US Could Change Iranian Regime without a Single Shot, Expert Says

By Julie Stahl | July 7, 2008 | 8:13 PM EDT

Jerusalem ( - The coalition victory in Iraq has caused Iran to watch its criticism of American leaders because it is afraid that it could come under U.S. pressures in the war against terrorism, an Iranian affairs expert said here on Tuesday.

Iran's former president, Akbar Hashemi Rafsanjani, was quoted earlier this week as saying that the issue of a resumption of ties between Iran and the United States could be put to a referendum.

Washington severed ties with Tehran after militants stormed the U.S. Embassy there and took staff members hostage as part of the 1979 Islamic Revolution.

The official Iranian news agency, IRNA, quoted Rafsanjani from an interview in the Rahbord (Strategy) quarterly as saying that the issue of Iranian-U.S. relations could be resolved through a referendum after the parliament and Supreme Leader Ayatollah Seyyed Ali Khamenei approve it.

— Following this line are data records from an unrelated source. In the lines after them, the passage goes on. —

definition vector_partitions :: "(nat \<Rightarrow> int) set \<Rightarrow> (nat \<Rightarrow> int) \<Rightarrow> (nat \<Rightarrow> int) multiset set" where
  "vector_partitions \<Lambda> \<mu> = {M. set_mset M \<subseteq> \<Lambda> \<and> sum_mset M = \<mu>}"

abbreviation P_A :: "nat \<Rightarrow> (nat \<Rightarrow> int) \<Rightarrow> (nat \<Rightarrow> int) multiset set" where
  "P_A r \<equiv> vector_partitions (pos_roots_A r)"

definition js_to_roots :: "(nat \<Rightarrow> int) list \<Rightarrow> (nat \<Rightarrow> int) multiset" where
  "js_to_roots S = (\<Sum>i\<in>{1..length S - 1}. \<Sum>j\<in>{j. 1 \<le> j \<and> throws S i j \<noteq> 0}.
      replicate_mset (throws S i j) (eps i - eps (i + j)))"

end

theory Submission
  imports Defs
begin

text \<open>A juggling sequence in \<open>JS(a,b,r)\<close> is determined by its throws \<open>c\<^sub>i\<^sub>j\<close>: the state at
  time \<open>t\<close> is \<open>a\<close> shifted down by \<open>t\<close> plus the balls thrown before \<open>t\<close> that are still in the air.
  The final state \<open>\<langle>b\<^sub>1\<rangle>\<close> forces every ball to land by time \<open>r + 1\<close>, so \<open>c\<^sub>i\<^sub>j = 0\<close> unless
  \<open>i + j \<le> r + 1\<close>, i.e. unless \<open>\<epsilon>\<^sub>i - \<epsilon>\<^sub>i\<^sub>+\<^sub>j\<close> is a positive root of \<open>A\<^sub>r\<close>; conversely the counts
  of a multiset of positive roots form such an array. The \<open>m\<close>-th coordinate of
  \<open>\<Sum> c\<^sub>i\<^sub>j (\<epsilon>\<^sub>i - \<epsilon>\<^sub>i\<^sub>+\<^sub>j)\<close> is the number of balls thrown at time \<open>m\<close> minus the number landing
  at time \<open>m\<close>. By the juggling rule this is \<open>a\<^sub>m\<close> for \<open>m \<le> r\<close>, and it is
  \<open>-(a\<^sub>1 + \<dots> + a\<^sub>r)\<close> for \<open>m = r + 1\<close>, since the balls landing then make up \<open>\<langle>b\<^sub>1\<rangle>\<close>; these are
  exactly the coordinates of \<open>\<delta>\<close>.\<close>

definition throw_root :: "nat \<Rightarrow> nat \<Rightarrow> nat \<Rightarrow> int" where
  "throw_root i j = eps i - eps (i + j)"

definition throws_land_by :: "nat \<Rightarrow> (nat \<Rightarrow> nat \<Rightarrow> nat) \<Rightarrow> bool" where
  "throws_land_by n c \<longleftrightarrow> (\<forall>i j. c i j \<noteq> 0 \<longrightarrow> 1 \<le> i \<and> 1 \<le> j \<and> i + j \<le> n)"

definition roots_mset :: "nat \<Rightarrow> (nat \<Rightarrow> nat \<Rightarrow> nat) \<Rightarrow> (nat \<Rightarrow> int) multiset" where
  "roots_mset r c = (\<Sum>i\<in>{1..r}. \<Sum>j\<in>{1..r}. replicate_mset (c i j) (throw_root i j))"

lemma sum_fun_apply: "(\<Sum>a\<in>A. f a) x = (\<Sum>a\<in>A. f a x)"
  by (induction A rule: infinite_finite_induct) auto

lemma throws_land_by_zero:
  "throws_land_by n c \<Longrightarrow> \<not> (1 \<le> i \<and> 1 \<le> j \<and> i + j \<le> n) \<Longrightarrow> c i j = 0"
  by (auto simp: throws_land_by_def)

lemma throws_land_by_sum_support:
  assumes "throws_land_by (r + 1) c"
  shows "finite {k. c i k \<noteq> 0}" and "(\<Sum>k\<in>{k. c i k \<noteq> 0}. int (c i k)) = (\<Sum>k\<in>{1..r}. int (c i k))"
proof -
  have support: "{k. c i k \<noteq> 0} \<subseteq> {1..r}"
    using throws_land_by_zero[OF assms, of i] by fastforce
  then show "finite {k. c i k \<noteq> 0}"
    by (rule finite_subset) simp
  from support show "(\<Sum>k\<in>{k. c i k \<noteq> 0}. int (c i k)) = (\<Sum>k\<in>{1..r}. int (c i k))"
    by (intro sum.mono_neutral_left) auto
qed

lemma throws_land_by_sum_landing:
  assumes land: "throws_land_by (r + 1) c"
  shows "(\<Sum>i\<in>{1..r}. int (c i (m - i))) = (\<Sum>i\<in>{1..m-1}. int (c i (m - i)))"
proof -
  have "(\<Sum>i\<in>{1..r}. int (c i (m - i))) = (\<Sum>i\<in>{1..r + m}. int (c i (m - i)))"
    by (intro sum.mono_neutral_left) (auto intro!: throws_land_by_zero[OF land])
  also have "\<dots> = (\<Sum>i\<in>{1..m-1}. int (c i (m - i)))"
    by (intro sum.mono_neutral_right) (auto intro!: throws_land_by_zero[OF land])
  finally show ?thesis .
qed

lemma throws_land_by_sum_late:
  assumes land: "throws_land_by n c" and "n < k + t"
  shows "(\<Sum>i\<in>{1..t}. int (c i (k + t - i))) = 0"
  using assms(2) by (intro sum.neutral) (auto intro!: throws_land_by_zero[OF land])

lemma eps_diff_eq_eps_diff:
  assumes "i \<noteq> i'" "p \<noteq> q" "eps i - eps i' = eps p - eps q"
  shows "i = p \<and> i' = q"
proof -
  have "eps i k - eps i' k = eps p k - eps q k" for k
    using assms(3) by (metis minus_apply)
  from this[of i] this[of i'] assms(1,2) show ?thesis
    by (auto simp: eps_def split: if_splits)
qed

lemma throw_root_inject:
  "1 \<le> j \<Longrightarrow> 1 \<le> q \<Longrightarrow> throw_root i j = throw_root p q \<longleftrightarrow> i = p \<and> j = q"
  unfolding throw_root_def using eps_diff_eq_eps_diff[of i "i + j" p "p + q"] by auto
lemma swap_reachable_if_same_component_counts:
  assumes G: "simple_graph V E" and "S \<subseteq> V" and "token_placement V c f"
    and "\<forall>w. w \<notin> S \<longrightarrow> f w = g w" and "same_component_counts E S f g"
  shows "swap_reachable V E c f g (card S choose 2)"
  using assms(2-)
proof (induction "card S" arbitrary: S f)
  case 0
  have "finite S" using G \<open>S \<subseteq> V\<close> finite_subset by (auto simp: simple_graph_def)
  then have "f = g" using 0 by auto
  then show ?case using 0 by (simp add: swap_reachable.refl)
next
  case (Suc n)
  have S: "finite S" using G \<open>S \<subseteq> V\<close> finite_subset by (auto simp: simple_graph_def)
  then obtain r where r: "r \<in> S" using Suc.hyps(2) by fastforce
  obtain v where v: "v \<in> induced_component E S r" and non_cut:
    "\<And>x. x \<in> S - {v} \<Longrightarrow> induced_component E (S - {v}) x = induced_component E S x - {v}"
    using exists_non_cut_vertex[OF S r] by blast
  obtain u where u: "u \<in> induced_component E S r" "f u = g v"
    using exists_token_in_component[OF Suc.prems(4) S r v] by blast
  obtain m where "m < card S" and walk: "(induced_edge E S ^^ m) u v"
    using induced_component_walk[OF S u(1) v] by blast
  obtain f' where f': "swap_reachable V E c f f' m" "f' v = f u" "\<forall>w. w \<notin> S \<longrightarrow> f' w = f w"
    "same_component_counts E S f' f"
    using move_token_along_walk[OF G Suc.prems(2) walk] by blast
  have "f' v = g v" using f'(2) u(2) by simp
  have "same_component_counts E S f' g"
    using f'(4) Suc.prems(4) by (simp add: same_component_counts_def)
  then have counts: "same_component_counts E (S - {v}) f' g"
    using \<open>f' v = g v\<close> non_cut by (rule same_component_counts_Diff)
  have "v \<in> S" using v induced_component_subset[of E S r] by blast
  then have card: "n = card (S - {v})" and sub: "S - {v} \<subseteq> V"
    using Suc.hyps(2) Suc.prems(1) S by auto
  have out: "\<forall>w. w \<notin> S - {v} \<longrightarrow> f' w = g w"
    using \<open>f' v = g v\<close> f'(3) Suc.prems(3) by auto
  have "swap_reachable V E c f' g (n choose 2)"
    using Suc.hyps(1)[OF card sub swap_reachable_token_placement[OF f'(1)] out counts] card by simp
  with f'(1) have "swap_reachable V E c f g (m + (n choose 2))" by (rule swap_reachable_trans)
  moreover have "m + (n choose 2) \<le> card S choose 2"
    using \<open>m < card S\<close> Suc.hyps(2)[symmetric] by (simp add: numeral_2_eq_2)
  ultimately show ?case by (rule swap_reachable_mono)
qed

theorem mainTheorem1:
  fixes V :: "'a set" and E :: "'a set set" and c :: nat and f0 ft :: "'a \<Rightarrow> nat"
  assumes "simple_graph V E"
    and "token_placement V c f0" and "token_placement V c ft"
    and "tp_equiv V E c f0 ft"
  shows "OPT V E c f0 ft \<le> enat (card V choose 2)"
proof -
  have "\<forall>w. w \<notin> V \<longrightarrow> f0 w = ft w"
    using assms(2,3) by (simp add: token_placement_def)
  moreover have "same_component_counts E V f0 ft"
    using same_component_counts_if_tp_equiv[OF assms] .
  ultimately have "swap_reachable V E c f0 ft (card V choose 2)"
    by (rule swap_reachable_if_same_component_counts[OF assms(1) order_refl assms(2)])
  then show ?thesis by (rule OPT_le_if_swap_reachable)
qed

end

The reports raised speculation that Iran was trying to avoid a confrontation with the U.S. following the decisive coalition victory in Iraq.

This past year, President Bush named Iran, along with Iraq and North Korea, as part of what he called the "axis of evil" - countries that are developing weapons of mass destruction and supporting terrorism.

Iranian affairs expert Menashe Amir said that Rafsanjani's office later denied the report and said he had been misquoted, but Amir believes that Tehran is nevertheless taking a low profile since the sweeping allied victory in Iraq.

"I have the feeling, since the victory in Baghdad, they are playing down and being very careful about [verbally] attacking U.S. [officials]," said Amir, who himself is from Iran and heads the Persian language news service of Israel Radio.

Because of the quick victory in Iraq, the Iranian leadership is afraid and is being very careful about any statements. Now, Syria is very seriously threatened in American rhetoric, and Tehran knows that it must take President Bush seriously, he added.

Bush warned Syria this weekend that it must cooperate with the U.S. and its coalition partners not to harbor any Iraqi officials and charged that Syria had chemical weapons.

Secretary of State Colin Powell said that the U.S. was looking into "possible measures of a diplomatic, economic or other nature" against Syria.

The U.S. could conquer Iran without a single shot, Amir said. The Iranian situation is "very ripe" for a regime change, he said.

If the Americans do the same in Iran as they did in Iraq - wage a months-long psychological war against Saddam - the Iranian regime "may collapse without a single shot," Amir said.

An expert on Shiite Islam, Dr. Meir Litvak from Tel Aviv University said he believes that Iran sees both positive and negative outcomes for itself as a result of the war.

Iran is not happy with the fact that it is now surrounded by the U.S. in Afghanistan, Turkey, Azerbaijan and now Iraq, Litvak said.

However, Iran is trying to play up to the international community by opening its nuclear facilities for inspection in order to "deprive the U.S. of any excuse" to attack, Litvak said.

But on the other hand, Iraq is looking to increase its influence among the Shiite Muslims in Iraq, he said.

Although the Shiite population is a natural ally for Iran, it is also concerned that the city of Najaf, where the founder of Shiite Islam is buried, will once again become a main religious and scholarly center and be in competition with Iran. Iran would hope to keep that in check by becoming involved, he said.